Build on what you already know

  • GCSE 4.1.1: cells contain organelles and can be specialised for different jobs.
  • KS3: humans have organs (heart, lungs, kidneys); plants have organs (root, stem, leaf).
  • GCSE 4.1.1: red blood cells, sperm cells, ciliated cells, root hair cells — all examples of specialised cells.
  1. Define each level precisely — cell, tissue, organ, organ system.
  2. For each, link to a named example you can use in any exam answer.
  3. Use the digestive system as the canonical exam example — covers all four levels with one body system.
  4. Drill the four key tissues for animals (muscle, glandular, epithelial, nervous) and plants (mesophyll, xylem, phloem, epidermis).
  5. Practise the tricky one: blood IS a tissue, even though it's a liquid.

Key terms

cell
The basic building block of all living organisms — the smallest unit that can carry out the processes of life. (Examiners reward 'basic building block' or 'smallest unit of life' as the definition. Just 'a tiny thing' won't score.)
tissue
A group of cells with similar structure and function, working together. (The phrase 'similar structure and function' is the exact marking wording — both halves required.)
organ
A structure made of different tissues working together to perform a particular function. (Must say 'different tissues' — not 'a group of tissues' or 'a collection of cells'. Different tissues is the marking phrase.)
organ system
A group of organs working together to perform a major body function. (Don't say 'group of tissues' for an organ system — that's an organ.

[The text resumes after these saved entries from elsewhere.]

(* Fix $y\in\mathbb{R}^d$ and measurable $g:\mathbb{R}^d\to\mathbb{R}$. Let $X,V$ be independent $\mathbb{R}^d$-valued random vectors, $Y=X+V$, where $P_V$ has a Lebesgue density $f_V$ and $\varphi_V(\omega)\neq0$ for Lebesgue-a.e. $\omega$. Assume $\lambda_{g,V,y}(x)=g(x)f_V(y-x)\in\Xi^0(\mathbb{R}^d;\mathbb{C})$, $\widetilde{\lambda}_{g,V,y}\in L^1(\mathbb{R}^d;\mathbb{C})$, and $\mathcal{Q}_{g,V,y}\in L^1(\mathbb{R}^d;\mathbb{C})$. Then for every $f\in\mathcal{A}_V(\mathbb{R}^d)$, \[ \mathcal{T}_{g,V,y}[f]=\int_{\mathbb{R}^d}\mathcal{Q}_{g,V,y}^\sharp(z)f(z)\,dz, \] where $\mathcal{Q}^\sharp_{g,V,y}$ is real-valued. In particular, whenever $f_Y(y)>0$, \[ \mathbb{E}[g(X)\mid Y=y]=\frac{1}{f_Y(y)}\int_{\mathbb{R}^d}\mathcal{Q}^\sharp_{g,V,y}(z)f_Y(z)\,dz=\frac{1}{f_Y(y)}\mathbb{E}\bigl[\mathcal{Q}^\sharp_{g,V,y}(Y)\bigr]. \]
   Context: $\widetilde\psi(\omega)=\int e^{i\omega^\top x}\psi(x)dx$, $\psi^\sharp(x)=(2\pi)^{-d}\int e^{-i\omega^\top x}\psi(\omega)d\omega$; $\varphi_V(\omega)=\mathbb{E}[e^{i\omega^\top V}]$. $\Xi^0=C_0(\mathbb{R}^d;\mathbb{C})\cap L^1(\mathbb{R}^d;\mathbb{C})$. $\mathcal{Q}_{g,V,y}(\omega)=\widetilde{\lambda}_{g,V,y}(\omega)/\varphi_V(-\omega)$ where $\varphi_V(-\omega)\neq0$, and $0$ otherwise. $\mathcal{A}_V(\mathbb{R}^d)=\{f_V*\mu:\mu\text{ finite signed Radon measure}\}$, normed by $\|f_V*\mu\|_{\mathcal{A}_V}=\|\mu\|_{TV}$ (representing measure unique); $\mathcal{T}_{g,V,y}$ is the unique continuous linear functional on $\mathcal{A}_V$ with $\mathcal{T}_{g,V,y}[f_V*\mu]=\int\lambda_{g,V,y}\,d\mu$. $f_Y=f_V*P_X$ and $\mathbb{E}[g(X)\mid Y=y]=f_Y(y)^{-1}\int g(x)f_V(y-x)dP_X(x)$. *)

theory Defs
  imports "HOL-Probability.Probability"
begin

definition fourier :: "('a::euclidean_space \<Rightarrow> complex) \<Rightarrow> 'a \<Rightarrow> complex" where
  "fourier \<psi> \<omega> = (LINT x|lborel. cis (\<omega> \<bullet> x) * \<psi> x)"

definition inv_fourier :: "('a::euclidean_space \<Rightarrow> complex) \<Rightarrow> 'a \<Rightarrow> complex" where
  "inv_fourier \<psi> x = complex_of_real (1 / (2 * pi) ^ DIM('a)) *
      (LINT \<omega>|lborel. cis (- (\<omega> \<bullet> x)) * \<psi> \<omega>)"
lemma Mval_ge_initial:
  assumes "\<beta> \<ge> 0" and sol: "is_solution d \<beta> lam p" and "Mval d lam (p 0) > 0" and "t \<ge> 0"
  shows "Mval d lam (p 0) \<le> Mval d lam (p t)"
proof -
  have M_deriv: "((\<lambda>s. Mval d lam (p s)) has_real_derivative
      2 * tanh (\<beta> * Mval d lam (p s)) * Vval d lam (p s)) (at s within {0..})" if "s \<ge> 0" for s
    using Mval_deriv[OF sol that] .
  have "continuous_on {0..} (\<lambda>s. Mval d lam (p s))"
    using M_deriv by (intro continuous_on_if_has_real_derivative_within) auto
  have pos: "Mval d lam (p s) > 0" if "s \<ge> 0" for s
  proof (rule ccontr)
    assume "\<not> Mval d lam (p s) > 0"
    moreover have "continuous_on {0..s} (\<lambda>s. Mval d lam (p s))"
      using \<open>continuous_on {0..} _\<close> by (rule continuous_on_subset) auto
    ultimately obtain x where "0 \<le> x" "Mval d lam (p x) = 0"
      using IVT2'[of "\<lambda>s. Mval d lam (p s)" s 0 0] \<open>s \<ge> 0\<close> \<open>Mval d lam (p 0) > 0\<close> by auto
    then show False
      using Mval_sq_ge_initial[OF \<open>\<beta> \<ge> 0\<close> sol \<open>0 \<le> x\<close>] \<open>Mval d lam (p 0) > 0\<close> by simp
  qed
  show ?thesis
    using pos \<open>\<beta> \<ge> 0\<close> Vval_nonneg[OF solution_in_prob_simplex[OF sol]]
    by (intro deriv_nonneg_imp_ge_initial[OF M_deriv _ \<open>t \<ge> 0\<close>])
      (auto intro!: mult_nonneg_nonneg simp: less_imp_le)
qed

section \<open>Convergence to the extreme eigenvalue block\<close>

lemma solution_tendsto_0_if_initial_0:
  assumes sol: "is_solution d \<beta> lam p" and "k < d" and "p 0 k = 0"
  shows "((\<lambda>t. p t k) \<longlongrightarrow> 0) at_top"
proof -
  have "eventually (\<lambda>t. p t k = 0) at_top"
    using eventually_ge_at_top[of 0] solution_eq_0[OF sol _ \<open>k < d\<close> \<open>p 0 k = 0\<close>]
    by (rule eventually_mono)
  then show ?thesis
    by (simp add: tendsto_eventually)
qed
(* Let $b\ge 1$ and, for $i\in[b]=\{1,\dots,b\}$, let $\mathcal X_i=\mathbb R^{m_i\times n_i}$ be equipped with the trace inner product $\langle X_i,Y_i\rangle_{(i)}=\operatorname{tr}(X_i^\top Y_i)$ and an arbitrary norm $\|\cdot\|_{(i)}$ with dual norm $\|Y_i\|_{(i)\star}=\sup_{\|Z_i\|_{(i)}\le 1}\langle Y_i,Z_i\rangle_{(i)}$. Let $\mathcal X=\mathcal X_1\times\cdots\times\mathcal X_b$ with elements $X=[X_1,\dots,X_b]$ and inner product $\langle X,Y\rangle=\sum_i\langle X_i,Y_i\rangle_{(i)}$. Let $f:\mathcal X\to\mathbb R$ be continuously differentiable, with $i$-th gradient block $\nabla_i f(X)\in\mathcal X_i$, and assume there is $f^\star\in\mathbb R$ with $f(X)\ge f^\star$ for all $X\in\mathcal X$. Let $p_1,\dots,p_b\ge 0$ with $\sum_{i=1}^b p_i=1$ and $p_1>0$, and let $\mathcal D$ be the distribution of the random set $\{s,\dots,b\}$ where $s\in[b]$ is drawn with $\Pr(s=i)=p_i$ (randomized progressive training). Assume $f$ is $\operatorname{supp}(\mathcal D)$-layer-wise $L^0$-smooth: there are constants $L^0_{i,S}\ge 0$ ($i\in[b]$, $S\in\operatorname{supp}(\mathcal D)$), with $L^0_{i,S}=0$ for $i\notin S$, such that for every $S\in\operatorname{supp}(\mathcal D)$, all $X\in\mathcal X$ and all $\Gamma=[\Gamma_1,\dots,\Gamma_b]\in\mathcal X$ with $\Gamma_i=0$ for $i\notin S$, $$f(X+\Gamma)-f(X)-\langle\nabla f(X),\Gamma\rangle\le\sum_{i\in S}\frac{L^0_{i,S}}{2}\|\Gamma_i\|_{(i)}^2 .$$ Consider the iterates $\{X^k\}$ generated from $X^0\in\mathcal X$ as follows: for $k=0,1,\dots$, draw $S^k\sim\mathcal D$ independently of the past, set $X_i^{k+1}=X_i^k-\gamma_i^k(\nabla_i f(X^k))^\sharp$ for $i\in S^k$ and $X_i^{k+1}=X_i^k$ for $i\notin S^k$, with stepsizes $\gamma_i^k=1/L^0_{i,S^k}$. Then for every $K\ge 1$, $$\frac1K\sum_{k=0}^{K-1}\sum_{i=1}^b\frac{w_i}{\frac1b\sum_{j=1}^b w_j}\,\mathbb E\big[\|\nabla_i f(X^k)\|_{(i)\star}^2\big]\le\frac{f(X^0)-f^\star}{K\left(\frac1b\sum_{j=1}^b w_j\right)},\qquad w_i:=\sum_{s=1}^i\frac{p_s}{2L^0_{i,\{s,\dots,b\}}}.$$
   Context: For $G\in\mathcal X_i$, $G^\sharp$ (the sharp operator) denotes an element of $\arg\max_{Z\in\mathcal X_i}\{\langle G,Z\rangle_{(i)}-\tfrac12\|Z\|_{(i)}^2\}$. $\operatorname{supp}(\mathcal D)$ is the collection of subsets of $[b]$ having positive probability under $\mathcal D$; here it is $\{\{j,\dots,b\}:p_j>0\}$. Expectations are over the random sets $S^k$. *)

theory Defs
  imports Complex_Main
begin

Each level builds on the one below.)
multicellular organism
An organism made up of more than one cell. Animals, plants and fungi are all multicellular. (Contrast with unicellular (single cell) organisms like bacteria or amoebae.)
muscle tissue
Tissue made of muscle cells that contract to produce movement. Three types: skeletal, smooth, cardiac.
glandular tissue
Tissue that secretes substances such as enzymes or hormones. Examples: salivary glands (saliva + amylase), pancreas (digestive enzymes + insulin). (Don't confuse 'glandular' (secretes) with 'epithelial' (covers/lines).)
epithelial tissue
Tissue that covers organs and lines body cavities (e.g. the gut, airways, blood vessels). Acts as a protective + selective barrier. (Goblet cells (covered in 4.1.1) are part of epithelial tissue.)
palisade mesophyll
A layer of tightly-packed, chloroplast-rich cells in the upper part of a leaf. The main site of photosynthesis. (Always link to 'photosynthesis' or 'absorbing light' in exam answers about leaf function.)
spongy mesophyll
A loose layer of cells in the lower part of a leaf, with large air spaces between cells to allow gas exchange (CO₂ in, O₂ out). (Examiners reward 'air spaces' AND 'gas exchange' linked. Just naming 'spongy mesophyll' isn't enough.)
xylem
Long hollow tubes in plants made of dead lignified cells. Carry water and dissolved mineral ions from roots upwards. (Xylem cells are dead and hollow. Phloem cells are living. Easy mark to miss.)
phloem
Living tubes in plants made of sieve elements + companion cells. Carry sugars and amino acids around the plant (translocation). (Phloem direction is variable (up or down the plant), while xylem direction is always up.)

Notes

The four levels of organisation

Multicellular organisms are built from increasingly complex layers:

  1. Cell — the basic building block. Every living thing is made of cells (one or many). In multicellular organisms, cells are usually specialised for a particular function (red blood cells, sperm cells, muscle cells, root hair cells).
  2. Tissue — a group of cells with similar structure and function, all working together for a particular job.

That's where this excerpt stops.